The psychologist Moltner, the prehistorian Einar and Ulma, a farmer's daughter from the neighborhood, come by ship to the island of Godenholm. Moltner is mentally dissatisfied, he obviously has great expectations of the time he wants to spend at Schwarzenberg, but the location and staff seem inappropriate or inadequate to him. He would have preferred to meet in a more southerly place.

Schwarzenberg entertains the three in a large octagonal room on his estate. Tea is served. As a result, various forms of physical discomfort develop in all four participants, the noises of the surroundings appear louder and more haunting, they find it more difficult to classify them, the room appears to them ever colder.

Moltner initially announced that he wanted to leave because the climate did not suit him, but Schwarzenberg advised him against it. Various visions now appear to Moltner: First he sees large amounts of water breaking into the room, a hideous animal attached to an anchor, then a blue shark , and finally whole schools of fish with all kinds of peculiar colors and shapes float past him. Several times, when the visions subside and he perceives his surroundings better, Schwarzenberg calls out to him that he knows more. A second vision shows him a golden, sun-drenched palace. Before a possible third vision is canceled.

Meanwhile, Einar believed he was visiting his parents, and it is not mentioned whether Ulma or Schwarzenberg also experienced visions.

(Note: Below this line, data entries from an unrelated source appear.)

text \<open>
  \<open>B\<^sup>-\<close> is multiplicative on monomials, so its multiplicative extension is an algebra map;
  it is onto since the monomial \<open>m \<noteq> 1\<close> is the image of \<open>t\<^sub>T\<close> for the tree \<open>T\<close> whose root
  children form \<open>m\<close>.  For the coproduct, colour every non-root vertex of \<open>T\<close> by the colour
  of the edge entering it and the root by 1.  This is a bijection between admissible edge
  colourings of \<open>T\<close> and admissible vertex colourings of \<open>T\<close> with root coloured 1: the tops
  of the colour-2 edge components become exactly the colour-1 vertices, so \<open>T\<^sub>b(1)\<close> is the
  colour-1 vertex subtree, and removing its top from each colour-2 edge component (which is
  what \<open>B\<^sup>-\<close> does to \<open>a\<^sub>b(2)\<close>) leaves the colour-2 vertex forest.  A vertex colouring
  with root coloured 1 is an arbitrary tuple of admissible vertex colourings of the subtrees
  \<open>T\<^sub>1, \<dots>, T\<^sub>k\<close>, hence \<open>(B\<^sup>- \<otimes> B\<^sup>-) (\<Delta> t\<^sub>T) = \<Delta>\<^sub>C\<^sub>K(t\<^sub>T\<^sub>1) \<cdots> \<Delta>\<^sub>C\<^sub>K(t\<^sub>T\<^sub>k) = \<Delta>\<^sub>C\<^sub>K(B\<^sup>- t\<^sub>T)\<close>.
\<close>

abbreviation "sng \<equiv> Poly_Mapping.single"
abbreviation "lk \<equiv> Poly_Mapping.lookup"
abbreviation "kys \<equiv> Poly_Mapping.keys"

lemma poly_mapping_sum_single: "(p::'a \<Rightarrow>\<^sub>0 'k::comm_ring_1) = (\<Sum>m\<in>kys p. sng m (lk p m))"
  by (rule poly_mapping_eqI)
     (auto simp: lookup_sum lookup_single when_def in_keys_iff intro: sum.neutral)

lemma times_poly_mapping_sum:
  "(p::'a::monoid_add \<Rightarrow>\<^sub>0 'k::comm_ring_1) * q =
     (\<Sum>a\<in>kys p. \<Sum>b\<in>kys q. sng (a + b) (lk p a * lk q b))"
  by (subst poly_mapping_sum_single[of p], subst poly_mapping_sum_single[of q])
     (simp add: sum_product mult_single)

lemma linext_superset:
  assumes "finite K" "kys p \<subseteq> K"
  shows "linext f p = (\<Sum>m\<in>K. sng (f m) (lk p m))"
  unfolding linext_def
  by (rule sum.mono_neutral_left) (use assms in \<open>auto simp: in_keys_iff\<close>)

lemma linext_add: "linext f (p + q) = linext f p + linext f q"
proof -
  let ?K = "kys p \<union> kys q"
  have "linext f (p + q) = (\<Sum>m\<in>?K. sng (f m) (lk (p + q) m))"
    by (rule linext_superset) (auto simp: Poly_Mapping.keys_add)
  also have "\<dots> = (\<Sum>m\<in>?K. sng (f m) (lk p m)) + (\<Sum>m\<in>?K. sng (f m) (lk q m))"
    by (simp add: lookup_add single_add sum.distrib)
  also have "\<dots> = linext f p + linext f q"
    using linext_superset[of ?K p f] linext_superset[of ?K q f] by simp
  finally show ?thesis .
qed

lemma linext_single [simp]: "linext f (sng m a) = sng (f m) a"
  by (cases "a = 0") (simp_all add: linext_def)

lemma linext_zero [simp]: "linext f 0 = 0"
  by (simp add: linext_def)

lemma linext_sum: "linext f (sum g I) = (\<Sum>i\<in>I. linext f (g i))"
  by (induction I rule: infinite_finite_induct) (simp_all add: linext_add)
lemma fact_pairs_subset_image_pairs_over:
  assumes "\<pi> \<in> S" "\<rho> \<in> S" "x \<in> Ob C" "tgt D h = Fo x"
  shows "fact_pairs D (blk T Fm \<pi>) (blk T Fm \<rho>) h \<subseteq> map_prod Fm Fm ` pairs_over C Fm \<pi> \<rho> x h"
proof
  note morphism = admissible_qs_morphism
  note functorial = qs_morphism_functor[OF morphism]
  fix q assume q: "q \<in> fact_pairs D (blk T Fm \<pi>) (blk T Fm \<rho>) h"
  then obtain a' b' where "q = (a', b')" "a' \<in> blk T Fm \<pi>" "b' \<in> blk T Fm \<rho>"
    "src D a' = tgt D b'" "comp D a' b' = h"
    unfolding fact_pairs_def by auto
  moreover have "tgt D a' = Fo x"
    using fact_pairs_blk_tgt[OF morphism assms(1,2)] q calculation(1) assms(4) by simp
  ultimately obtain a where a: "a \<in> \<pi>" "tgt C a = x" "Fm a = a'"
    using admissible_lift[OF \<open>\<pi> \<in> S\<close> \<open>x \<in> Ob C\<close>] by metis
  then have "a \<in> Mor C"
    using block_subset_Mor[OF morphism \<open>\<pi> \<in> S\<close>] by auto
  then have "src C a \<in> Ob C" "tgt D b' = Fo (src C a)"
    using src_in_Ob[OF qs_morphism_source_category[OF morphism]] functor_src[OF functorial]
      \<open>src D a' = tgt D b'\<close> a(3) by auto
  then obtain b where b: "b \<in> \<rho>" "tgt C b = src C a" "Fm b = b'"
    using admissible_lift[OF \<open>\<rho> \<in> S\<close> _ \<open>b' \<in> blk T Fm \<rho>\<close>] by metis
  moreover have "b \<in> Mor C"
    using block_subset_Mor[OF morphism \<open>\<rho> \<in> S\<close>] b(1) by auto
  ultimately have "Fm (comp C a b) = h"
    using functor_comp[OF functorial \<open>a \<in> Mor C\<close>] a(3) \<open>comp D a' b' = h\<close> by simp
  then have "(a, b) \<in> pairs_over C Fm \<pi> \<rho> x h"
    using a b unfolding pairs_over_def by auto
  then show "q \<in> map_prod Fm Fm ` pairs_over C Fm \<pi> \<rho> x h"
    using a(3) b(3) \<open>q = (a', b')\<close> by force
qed

lemma card_pairs_over_by_image:
  assumes "finite (Mor C)" "\<pi> \<in> S" "\<rho> \<in> S" "x \<in> Ob C" "tgt D h = Fo x"
    and lifts_card: "\<forall>\<sigma>\<in>S. \<forall>y\<in>Ob C. \<forall>g\<in>blk T Fm \<sigma>. tgt D g = Fo y \<longrightarrow>
                       card (lifts C Fm \<sigma> y g) = n \<sigma>"
  shows "card (pairs_over C Fm \<pi> \<rho> x h)
           = card (fact_pairs D (blk T Fm \<pi>) (blk T Fm \<rho>) h) * n \<pi> * n \<rho>"
proof -
  note morphism = admissible_qs_morphism
  let ?X = "pairs_over C Fm \<pi> \<rho> x h"
  let ?P = "fact_pairs D (blk T Fm \<pi>) (blk T Fm \<rho>) h"
  have finite_X: "finite ?X"
    by (rule finite_pairs_over[OF finite_block[OF morphism assms(1,2)] finite_block[OF morphism assms(1,3)]])
  have "card ?X = (\<Sum>q\<in>?P. card {p \<in> ?X. map_prod Fm Fm p = q})"
    unfolding card_eq_sum
    by (rule sum.group[symmetric, OF finite_X
          finite_surj[OF finite_X fact_pairs_subset_image_pairs_over[OF assms(2-5)]]
          image_pairs_over_subset_fact_pairs[OF morphism assms(2,3)]])
  also have "\<dots> = (\<Sum>q\<in>?P. n \<pi> * n \<rho>)"
    using card_pairs_over_fibre[OF morphism assms(1-5) _ lifts_card]
    by (intro sum.cong) (auto simp: split_paired_all)
  also have "\<dots> = card ?P * n \<pi> * n \<rho>"
    by simp
  finally show ?thesis .
qed

end

theorem lemma6p6:
  fixes C :: "('o, 'm) cat" and S :: "'m set set"
    and D :: "('p, 'n) cat" and T :: "'n set set"
    and Fo :: "'o \<Rightarrow> 'p" and Fm :: "'m \<Rightarrow> 'n"
    and n :: "'m set \<Rightarrow> nat"
  assumes "finite_qs C S" and "groupoid C" and "basic D T"
    and "admissible C S D T Fo Fm"
    and "\<forall>\<sigma>\<in>S. \<forall>x\<in>Ob C. \<forall>g\<in>blk T Fm \<sigma>. tgt D g = Fo x \<longrightarrow>
           card {f \<in> \<sigma>. tgt C f = x \<and> Fm f = g} = n \<sigma>"
    and "\<pi> \<in> S" and "\<rho> \<in> S" and "\<tau> \<in> T"
  shows "(\<Sum>\<sigma> \<in> {\<sigma> \<in> S. blk T Fm \<sigma> = \<tau>}. pconst C \<sigma> \<pi> \<rho> * n \<sigma>)
           = pconst D \<tau> (blk T Fm \<pi>) (blk T Fm \<rho>) * n \<pi> * n \<rho>"
proof -
  note morphism = admissible_qs_morphism[OF \<open>admissible C S D T Fo Fm\<close>]
  have finite: "finite (Mor C)"
    using \<open>finite_qs C S\<close> unfolding finite_qs_def by blast
  have lifts_card: "\<forall>\<sigma>\<in>S. \<forall>y\<in>Ob C. \<forall>g\<in>blk T Fm \<sigma>. tgt D g = Fo y \<longrightarrow>
                       card (lifts C Fm \<sigma> y g) = n \<sigma>"
    using assms(5) unfolding lifts_def .
  show ?thesis
  proof (cases "\<forall>h\<in>\<tau>. tgt D h \<notin> Fo ` Ob C")
    case True
    moreover have "groupoid D"
      using \<open>basic D T\<close> unfolding basic_def by blast
    ultimately show ?thesis
      by (simp only: no_block_mapped_to[OF morphism] pconst_blk_eq_0[OF morphism _ assms(6-8)]
          sum.empty mult_0)
  next
    case False
    then obtain h x where "h \<in> \<tau>" "x \<in> Ob C" "tgt D h = Fo x"
      by blast
    have "(\<Sum>\<sigma> \<in> {\<sigma> \<in> S. blk T Fm \<sigma> = \<tau>}. pconst C \<sigma> \<pi> \<rho> * n \<sigma>)
            = (\<Sum>\<sigma> \<in> {\<sigma> \<in> S. blk T Fm \<sigma> = \<tau>}. pconst C \<sigma> \<pi> \<rho> * card (lifts C Fm \<sigma> x h))"
      using lifts_card \<open>h \<in> \<tau>\<close> \<open>x \<in> Ob C\<close> \<open>tgt D h = Fo x\<close> by (intro sum.cong) auto
    also have "\<dots> = card (pairs_over C Fm \<pi> \<rho> x h)"
      using card_pairs_over_by_composite[OF morphism finite assms(6-8) \<open>h \<in> \<tau>\<close>] by simp
    also have "\<dots> = card (fact_pairs D (blk T Fm \<pi>) (blk T Fm \<rho>) h) * n \<pi> * n \<rho>"
      by (rule card_pairs_over_by_image[OF assms(4) finite assms(6,7) \<open>x \<in> Ob C\<close> \<open>tgt D h = Fo x\<close>
            lifts_card])
    also have "card (fact_pairs D (blk T Fm \<pi>) (blk T Fm \<rho>) h) = pconst D \<tau> (blk T Fm \<pi>) (blk T Fm \<rho>)"
      using pconst_eq_card_fact_pairs[OF qs_morphism_target[OF morphism] \<open>\<tau> \<in> T\<close>
          blk_in[OF morphism \<open>\<pi> \<in> S\<close>] blk_in[OF morphism \<open>\<rho> \<in> S\<close>] \<open>h \<in> \<tau>\<close>]
      by simp
    finally show ?thesis .
  qed
qed

end
lemma finite_eigenvalues_symmetric:
  fixes H :: "real^'k^'k"
  assumes sym: "transpose H = H"
  shows "finite (eigenvalues_of H)"
proof -
  let ?E = "eigenvalues_of H"
  define f where "f l = (SOME v. v \<noteq> 0 \<and> H *v v = l *\<^sub>R v)" for l
  have f: "f l \<noteq> 0 \<and> H *v f l = l *\<^sub>R f l" if "l \<in> ?E" for l
    using that unfolding eigenvalues_of_def f_def by (metis (mono_tags, lifting) mem_Collect_eq someI_ex)
  have "inj_on f ?E"
  proof (rule inj_onI)
    fix l1 l2 assume l: "l1 \<in> ?E" "l2 \<in> ?E" "f l1 = f l2"
    hence "l1 *\<^sub>R f l1 = l2 *\<^sub>R f l1" using f by metis
    thus "l1 = l2" using f[OF l(1)] by simp
  qed
  moreover have "pairwise orthogonal (f ` ?E)"
  proof (rule pairwiseI)
    fix x y assume "x \<in> f ` ?E" "y \<in> f ` ?E" "x \<noteq> y"
    then obtain l1 l2 where l: "l1 \<in> ?E" "l2 \<in> ?E" "x = f l1" "y = f l2" "l1 \<noteq> l2" by blast
    have "l1 * (x \<bullet> y) = (H *v x) \<bullet> y" using f[OF l(1)] l(3) by simp
    also have "\<dots> = x \<bullet> (H *v y)" by (rule symmetric_matrix_inner[OF sym])
    also have "\<dots> = l2 * (x \<bullet> y)" using f[OF l(2)] l(4) by simp
    finally show "orthogonal x y" using l(5) by (simp add: orthogonal_def)
  qed
  ultimately show ?thesis using finite_imageD pairwise_orthogonal_imp_finite by blast
qed
(* A countably infinite disconnected graph $G$ is ME-homogeneous if and only if $G\cong I_\omega[K_\omega]$ or $G\cong I_\omega[K_n]$ for some positive integer $n$.
   Context: All graphs are undirected and loopless; subgraphs are induced. A monomorphism is an injective map sending adjacent vertices to adjacent vertices. $G$ is ME-homogeneous if every monomorphism between finite induced subgraphs of $G$ is the restriction of a surjective endomorphism of $G$. $K_\kappa$ is the complete graph and $I_\kappa$ the edgeless graph on $\kappa$ vertices; the lexicographic product $G[H]$ has vertex set $G\times H$ with $(g,h)\sim(g',h')$ iff $g\sim g'$, or $g=g'$ and $h\sim h'$. Thus $I_\omega[K_m]$ is a disjoint union of countably many copies of $K_m$. *)

theory Defs
  imports Main "HOL-Library.Countable_Set"
begin

definition graph :: "'a set \<Rightarrow> ('a \<Rightarrow> 'a \<Rightarrow> bool) \<Rightarrow> bool" where
  "graph V E \<longleftrightarrow> (\<forall>x y. E x y \<longrightarrow> x \<in> V \<and> y \<in> V \<and> E y x \<and> x \<noteq> y)"

definition monomorphism :: "('a \<Rightarrow> 'a \<Rightarrow> bool) \<Rightarrow> 'a set \<Rightarrow> 'a set \<Rightarrow> ('a \<Rightarrow> 'a) \<Rightarrow> bool" where
  "monomorphism E A B f \<longleftrightarrow> f ` A \<subseteq> B \<and> inj_on f A \<and>
     (\<forall>x\<in>A. \<forall>y\<in>A. E x y \<longrightarrow> E (f x) (f y))"

definition endomorphism :: "'a set \<Rightarrow> ('a \<Rightarrow> 'a \<Rightarrow> bool) \<Rightarrow> ('a \<Rightarrow> 'a) \<Rightarrow> bool" where
  "endomorphism V E h \<longleftrightarrow> h ` V \<subseteq> V \<and> (\<forall>x\<in>V. \<forall>y\<in>V. E x y \<longrightarrow> E (h x) (h y))"
lemma br_y_bicommutant_y_bicommutant:
  "s \<in> bicommutant \<Longrightarrow> t \<in> bicommutant \<Longrightarrow> br (m y s) (m y t) = m (br y y) (m s t)"
  using leibniz_odd[of "m y s" y t] odd odd_m_y_bicommutant br_y_bicommutant_y
    br_y_bicommutant_bicommutant m_assoc[of "br y y" s t] by auto

text \<open>The multiplication table of xy on R \<union> y.R \<union> {y}, where R is the bicommutant;
  every product lands in R or in y.R, since w = {y,y} \<in> R.\<close>
lemma PP_bicommutant_y_bicommutant:
  "r \<in> bicommutant \<Longrightarrow> s \<in> bicommutant \<Longrightarrow> PP r (m y s) = m y (m r s)"
  by (simp add: pprod_def br_bicommutant_y_bicommutant m_left_comm_bicommutant_y)

lemma PP_bicommutant_y: "r \<in> bicommutant \<Longrightarrow> PP r y = m y r"
  by (simp add: pprod_def bicommutant_br_y_rev m_comm_bicommutant_y)

lemma PP_y_bicommutant_bicommutant:
  "r \<in> bicommutant \<Longrightarrow> s \<in> bicommutant \<Longrightarrow> PP (m y s) r = m y (m s r)"
  by (simp add: pprod_def br_y_bicommutant_bicommutant m_assoc)

lemma PP_y_bicommutant: "r \<in> bicommutant \<Longrightarrow> PP y r = m y r"
  by (simp add: pprod_def bicommutant_br_y)

lemma PP_y_y: "PP y y = br y y"
  by (simp add: pprod_def odd_m_self)

lemma PP_y_y_bicommutant: "s \<in> bicommutant \<Longrightarrow> PP y (m y s) = m (br y y) s"
  by (simp add: pprod_def odd_m_self_left br_y_y_bicommutant)

lemma PP_y_bicommutant_y: "s \<in> bicommutant \<Longrightarrow> PP (m y s) y = m (br y y) s"
  using br_y_bicommutant_y[of s] m_assoc[of y s y] m_comm_bicommutant_y[of s]
    odd_m_self_left[of s] by (simp add: pprod_def)

lemma PP_y_bicommutant_y_bicommutant:
  assumes "s \<in> bicommutant" "t \<in> bicommutant"
  shows "PP (m y s) (m y t) = m (br y y) (m s t)"
proof -
  have "m (m y s) (m y t) = m y (m s (m y t))" by (rule m_assoc)
  also have "\<dots> = 0" using m_left_comm_bicommutant_y[of s t] odd_m_self_left assms by simp
  finally show ?thesis using br_y_bicommutant_y_bicommutant assms by (simp add: pprod_def)
qed

definition odd_basis :: "'v set" where
  "odd_basis = bicommutant \<union> m y ` bicommutant \<union> {y}"

lemmas PP_table = PP_bicommutant PP_bicommutant_y_bicommutant PP_bicommutant_y
  PP_y_bicommutant_bicommutant PP_y_bicommutant PP_y_y PP_y_y_bicommutant PP_y_bicommutant_y
  PP_y_bicommutant_y_bicommutant bicommutant_m odd_w_bicommutant

text \<open>By the table, the basis is even closed under xy, not just its span.\<close>
lemma odd_basis_closed: "a \<in> odd_basis \<Longrightarrow> b \<in> odd_basis \<Longrightarrow> PP a b \<in> odd_basis"
  unfolding odd_basis_def by (auto simp: PP_table)

lemma odd_basis_cases:
  assumes "x \<in> odd_basis"
  obtains (bicommutant) "x \<in> bicommutant"
    | (y_bicommutant) s where "s \<in> bicommutant" "x = m y s"
    | (generator) "x = y"
  using assms unfolding odd_basis_def by blast

text \<open>Associativity on the basis: a check of the 27 combinations, each reducing by the
  table to an identity of the dot product, which is commutative and associative on R.\<close>
lemma odd_basis_assoc:
  assumes a: "a \<in> odd_basis" and b: "b \<in> odd_basis" and c: "c \<in> odd_basis"
  shows "PP (PP a b) c = PP a (PP b c)"
  by (rule odd_basis_cases[OF a]; rule odd_basis_cases[OF b]; rule odd_basis_cases[OF c];
      simp add: PP_table m_assoc m_comm_bicommutant m_left_comm_bicommutant
        m_comm_bicommutant_y m_left_comm_bicommutant_y odd_m_self_left)

lemma gen_subalg_assoc_odd:
  assumes "a \<in> gen_subalg scale PP y" "b \<in> gen_subalg scale PP y" "c \<in> gen_subalg scale PP y"
  shows "PP (PP a b) c = PP a (PP b c)"
proof -
  have y_basis: "y \<in> odd_basis" by (simp add: odd_basis_def)
  have closed: "PP u v \<in> span odd_basis" if "u \<in> odd_basis" "v \<in> odd_basis" for u v
    using odd_basis_closed[OF that] by (rule span_base)
  show ?thesis
    by (rule gen_subalg_assoc_from_basis[OF bilinear_PP y_basis closed odd_basis_assoc assms])
qed

end

lemma gen_subalg_assoc:
  "a \<in> gen_subalg scale PP y \<Longrightarrow> b \<in> gen_subalg scale PP y \<Longrightarrow> c \<in> gen_subalg scale PP y
     \<Longrightarrow> PP (PP a b) c = PP a (PP b c)"
  using homogeneous gen_subalg_assoc_even gen_subalg_assoc_odd by blast

end

section \<open>Powers of a generator\<close>

lemma ppow_in_gen_subalg: "ppow f y (Suc n) \<in> gen_subalg scale f y"
  by (induction n) (auto intro: gen_subalg.gen gen_subalg.mult)

lemma ppow_add:
  assumes assoc: "\<And>a b c. a \<in> gen_subalg scale f y \<Longrightarrow> b \<in> gen_subalg scale f y
      \<Longrightarrow> c \<in> gen_subalg scale f y \<Longrightarrow> f (f a b) c = f a (f b c)"
  shows "f (ppow f y (Suc p)) (ppow f y (Suc q)) = ppow f y (Suc p + Suc q)"
proof (induction p)
  case 0
  then show ?case by simp
next
  case (Suc p)
  have "f (ppow f y (Suc (Suc p))) (ppow f y (Suc q))
      = f (f y (ppow f y (Suc p))) (ppow f y (Suc q))" by simp
  also have "\<dots> = f y (f (ppow f y (Suc p)) (ppow f y (Suc q)))"
    using assoc gen_subalg.gen ppow_in_gen_subalg by blast
  also have "\<dots> = ppow f y (Suc (Suc p) + Suc q)" using Suc by simp
  finally show ?case .
qed

theorem mainTheorem3:
  fixes scale :: "'k::field_char_0 \<Rightarrow> 'v::ab_group_add \<Rightarrow> 'v"
    and G :: "nat \<Rightarrow> 'v set"
    and m br :: "'v \<Rightarrow> 'v \<Rightarrow> 'v"
    and y :: 'v
  assumes P: "poisson_superalgebra scale G m br"
    and hom: "y \<in> G 0 \<or> y \<in> G 1"
  shows "(\<forall>p q. p \<ge> 1 \<longrightarrow> q \<ge> 1 \<longrightarrow>
            pprod m br (ppow (pprod m br) y p) (ppow (pprod m br) y q)
              = ppow (pprod m br) y (p + q))
       \<and> (\<forall>a\<in>gen_subalg scale (pprod m br) y. \<forall>b\<in>gen_subalg scale (pprod m br) y.
            \<forall>c\<in>gen_subalg scale (pprod m br) y.
            pprod m br (pprod m br a b) c = pprod m br a (pprod m br b c))
       \<and> (y \<in> G 1 \<longrightarrow> m y y = 0 \<and> ppow (pprod m br) y 2 = br y y)"
proof -
  interpret poisson_super_elem scale G m br y
    by (intro poisson_super_elem.intro poisson_super.intro poisson_super_elem_axioms.intro P hom)
  have powers: "pprod m br (ppow (pprod m br) y p) (ppow (pprod m br) y q)
      = ppow (pprod m br) y (p + q)" if "p \<ge> 1" "q \<ge> 1" for p q
    using ppow_add[where p = "p - 1" and q = "q - 1", OF gen_subalg_assoc] that by simp
  have "ppow (pprod m br) y 2 = PP y y" by (simp add: numeral_2_eq_2)
  then have odd_square: "y \<in> G 1 \<longrightarrow> m y y = 0 \<and> ppow (pprod m br) y 2 = br y y"
    using odd_m_self PP_y_y by simp
  show ?thesis using powers gen_subalg_assoc odd_square by blast
qed

end
lemma op_norm_pi_tw_le_l1:
  assumes "\<And>g h. cmod (\<sigma> g h) \<le> 1" "fin_supp f"
  shows "op_norm (pi_tw \<sigma> f) \<le> (\<Sum>g\<in>{g. f g \<noteq> 0}. cmod (f g))"
proof (rule op_norm_le)
  fix \<xi> :: "'a \<Rightarrow> complex" and F
  assume \<xi>: "sq_summable \<xi>" "l2norm \<xi> \<le> 1"
  have "L2_set (\<lambda>x. cmod (pi_tw \<sigma> f \<xi> x)) F \<le> l2norm (pi_tw \<sigma> f \<xi>)"
    by (intro L2_set_le_l2norm pi_tw_bounded_by_l1 assms \<xi>)
  also have "\<dots> \<le> (\<Sum>g\<in>{g. f g \<noteq> 0}. cmod (f g)) * l2norm \<xi>"
    by (intro pi_tw_bounded_by_l1 assms \<xi>)
  also have "\<dots> \<le> (\<Sum>g\<in>{g. f g \<noteq> 0}. cmod (f g))"
    using \<xi>(2) by (intro mult_left_le sum_nonneg) auto
  finally show "L2_set (\<lambda>x. cmod (pi_tw \<sigma> f \<xi> x)) F \<le> (\<Sum>g\<in>{g. f g \<noteq> 0}. cmod (f g))" .
qed

lemma op_norm_le_haagerup_content:
  assumes "finite E" "fin_supp f" "{g. f g \<noteq> 0} \<subseteq> E" "l2norm f = 1"
  shows "op_norm (pi_tw trivial_cocycle f) \<le> haagerup_content E"
  unfolding haagerup_content_def
proof (rule cSup_upper)
  show "op_norm (pi_tw trivial_cocycle f) \<in> {op_norm (pi_tw trivial_cocycle f) | f.
       fin_supp f \<and> {g. f g \<noteq> 0} \<subseteq> E \<and> l2norm f = 1}"
    using assms by blast
  have bound: "op_norm (pi_tw trivial_cocycle f') \<le> card E"
    if f': "fin_supp f'" "{g. f' g \<noteq> 0} \<subseteq> E" "l2norm f' = 1" for f'
  proof -
    have "op_norm (pi_tw trivial_cocycle f') \<le> (\<Sum>g\<in>{g. f' g \<noteq> 0}. cmod (f' g))"
      using f' by (intro op_norm_pi_tw_le_l1) (auto simp: trivial_cocycle_def)
    also have "\<dots> \<le> (\<Sum>g\<in>{g. f' g \<noteq> 0}. 1)"
      using norm_le_l2norm[OF f'(1)] f'(3) by (intro sum_mono) auto
    also have "\<dots> \<le> card E"
      using f'(2) assms(1) by (simp add: card_mono)
    finally show ?thesis .
  qed
  show "bdd_above {op_norm (pi_tw trivial_cocycle f) | f.
       fin_supp f \<and> {g. f g \<noteq> 0} \<subseteq> E \<and> l2norm f = 1}"
    by (rule bdd_aboveI[of _ "real (card E)"]) (use bound in blast)
qed

lemma norm_pi_tw_trivial_cocycle_nonneg:
  fixes \<xi> :: "'g::group_add \<Rightarrow> complex"
  assumes "finite T" "\<And>g. g \<in> T \<Longrightarrow> 0 \<le> a g"
  shows "cmod (pi_tw trivial_cocycle (\<lambda>g. if g \<in> T then complex_of_real (a g) else 0)
      (\<lambda>x. complex_of_real (cmod (\<xi> x))) x) = (\<Sum>g\<in>T. a g * cmod (\<xi> (- g + x)))"
proof -
  have "pi_tw trivial_cocycle (\<lambda>g. if g \<in> T then complex_of_real (a g) else 0)
      (\<lambda>x. complex_of_real (cmod (\<xi> x))) x = complex_of_real (\<Sum>g\<in>T. a g * cmod (\<xi> (- g + x)))"
    unfolding pi_tw_def Lambda_tw_def trivial_cocycle_def using assms(1)
    by (subst sum.mono_neutral_left[of T]) (auto intro!: sum.cong)
  moreover have "0 \<le> (\<Sum>g\<in>T. a g * cmod (\<xi> (- g + x)))"
    using assms(2) by (intro sum_nonneg) auto
  ultimately show ?thesis
    by (simp only: norm_of_real abs_of_nonneg)
qed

When everyone is restored, dinner is served. It is said of Moltner: "He had experienced a change, that was undoubtedly". Among other things, he has a “new perception of himself” and his hand is now “inherent in healing”.

Evidence of drugs

The sequence of experiences and sensations of the four corresponds very well to the effects of LSD , which can also be taken with drinks such as the tea mentioned, or of mescaline :

After tea, Moltner soon becomes sick: “Moltner felt a swaying like when seasickness began”, and the sensory impressions appear to him intensified: “His hearing had become sensitive like a network of strings that answered before it was touched. He felt strongly addressed, ... “There is a changed sense of time and hallucinations. “Things began to charge themselves and to gain life, they grew from the objects as they had appeared to him to be questioning, even judicial power.” Typical euphoric omnipotence fantasies also arise: “Moltner felt power while looking; he was the party to whom the elevator was intended. "

background

Jünger had had numerous drug experiences. Among other things, he carried out a mescaline experiment with several friends at his publisher Ernst Klett jr. In 1951 he took part in an experiment with LSD under medical supervision with his friend who discovered LSD, Albert Hofmann . They repeated this several times until 1970. A detailed edition of the correspondence between Jünger and Hofmann appeared in 2013 from the papers of Jünger and Hofmann, which are available in the German Literature Archive in Marbach .

Remarks

  1. All works. Volume 15, 1978, p. 418.
  2. All works. Volume 15, 1978, p. 419.
  3. All works. Volume 15, 1978, p. 399.
  4. All works. Volume 15, 1978, p. 400.
  5. All works. Volume 15, 1978, p. 406.
  6. Kiesel: Ernst Jünger. 2007, p. 586f.
  7. LSD. Albert Hofmann and Ernst Jünger. The exchange of letters 1947 to 1997. , Ed .: Deutsche Schillergesellschaft , Marbach am Neckar (2013), ISBN 978-3-937384-99-3

literature

expenditure
  • Visit to Godenholm. Klostermann, Frankfurt 1952.
  • Visit to Godenholm. In: Complete Works. Volume 15: Stories. Klett-Cotta, Stuttgart 1978, ISBN 3-608-93485-5 , pp. 363-420.